(RECORDS FOR THIS EXERCISE Opens)
lemma qhat_H1: "H1_on 0 1 chi qhat"
  unfolding H1_on_def
proof (intro conjI ballI exI[of _ "\<lambda>t. qhat_speed t *\<^sub>R qhat_dir"])
  have speed_measurable: "qhat_speed \<in> borel_measurable borel"
    unfolding qhat_speed_def by measurable
  have speed: "set_integrable lborel {0..t} qhat_speed" "(LINT s:{0..t}|lborel. qhat_speed s) = qhat_shift t"
    if "0 \<le> t" "t \<le> 1" for t
    using set_integrable_lborel_if_nonneg_integrable_on[OF _ _ speed_measurable, of "{0..t}"]
      qhat_speed_has_integral[OF that]
    by (auto simp: qhat_speed_def integral_unique)
  show "qhat t \<in> chi" for t
    by (rule qhat_in_chi)
  show "set_integrable lborel {0..1} (\<lambda>t. qhat_speed t *\<^sub>R qhat_dir)"
    using speed(1)[of 1] by auto
  have "(norm qhat_dir)^2 = 2"
    by (simp add: qhat_dir_def norm_vec_def L2_set_def sum_3 sum_2)
  then have "(norm (qhat_speed t *\<^sub>R qhat_dir))^2 = 2 * (qhat_speed t)^2" for t
    by (simp add: power_mult_distrib)
  moreover have "(qhat_speed t)^2 \<le> qhat_lagr t" for t
    by (simp add: qhat_lagr_def)
  ultimately have kinetic_le: "norm ((norm (qhat_speed t *\<^sub>R qhat_dir))^2) \<le> norm (2 * qhat_lagr t)" for t
    using qhat_lagr_nonneg[of t] by simp
  show "set_integrable lborel {0..1} (\<lambda>t. (norm (qhat_speed t *\<^sub>R qhat_dir))^2)"
  proof (rule set_integrable_bound[where f="\<lambda>t. 2 * qhat_lagr t"])
    show "set_integrable lborel {0..1} (\<lambda>t. 2 * qhat_lagr t)"
      using qhat_lagr_integral(1) by (rule set_integrable_mult_right)
    show "set_borel_measurable lborel {0..1} (\<lambda>t. (norm (qhat_speed t *\<^sub>R qhat_dir))^2)"
      unfolding set_borel_measurable_def using speed_measurable by measurable
  qed (use kinetic_le in auto)
  fix t :: real
  assume t: "t \<in> {0..1}"
  have "(LINT s:{0..t}|lborel. qhat_speed s *\<^sub>R qhat_dir) = qhat_shift t *\<^sub>R qhat_dir"
    using t speed[of t] by (simp add: set_integral_scaleR_left_if_set_integrable)
  then show "qhat t = qhat 0 + (LINT s:{0..t}|lborel. qhat_speed s *\<^sub>R qhat_dir)"
    by (simp add: qhat_eq_shift[of t])
qed

theorem lemma3p1:
  shows "H1_on 0 1 chi qhat \<and> set_integrable lborel {0..1} (lagrangian qhat)
         \<and> action qhat < 3.5383"
proof -
  have off_corners: "indicator {0..1} t *\<^sub>R lagrangian qhat t = indicator {0..1} t *\<^sub>R qhat_lagr t"
    if "t \<notin> {0, 1/8}" for t :: real
    using that lagrangian_qhat[of t] by (auto simp: indicator_def)
  have "set_integrable lborel {0..1} (lagrangian qhat) \<longleftrightarrow> set_integrable lborel {0..1} qhat_lagr"
    unfolding set_integrable_def
    by (rule integrable_discrete_difference[where X="{0, 1/8}"]) (use off_corners in auto)
  moreover have "action qhat = (LINT t:{0..1}|lborel. qhat_lagr t)"
    unfolding action_def set_lebesgue_integral_def
    by (rule integral_discrete_difference[where X="{0, 1/8}"]) (use off_corners in auto)
  ultimately show ?thesis
    using qhat_H1 qhat_lagr_integral by simp
qed

end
(RECORDS FOR THIS EXERCISE Closes)
# [DIRECTIONS]
Copy out every line above where "ultimately" is present.

# [OUTPUT OF THE TASK]
  ultimately have kinetic_le: "norm ((norm (qhat_speed t *\<^sub>R qhat_dir))^2) \<le> norm (2 * qhat_lagr t)" for t
  ultimately show ?thesis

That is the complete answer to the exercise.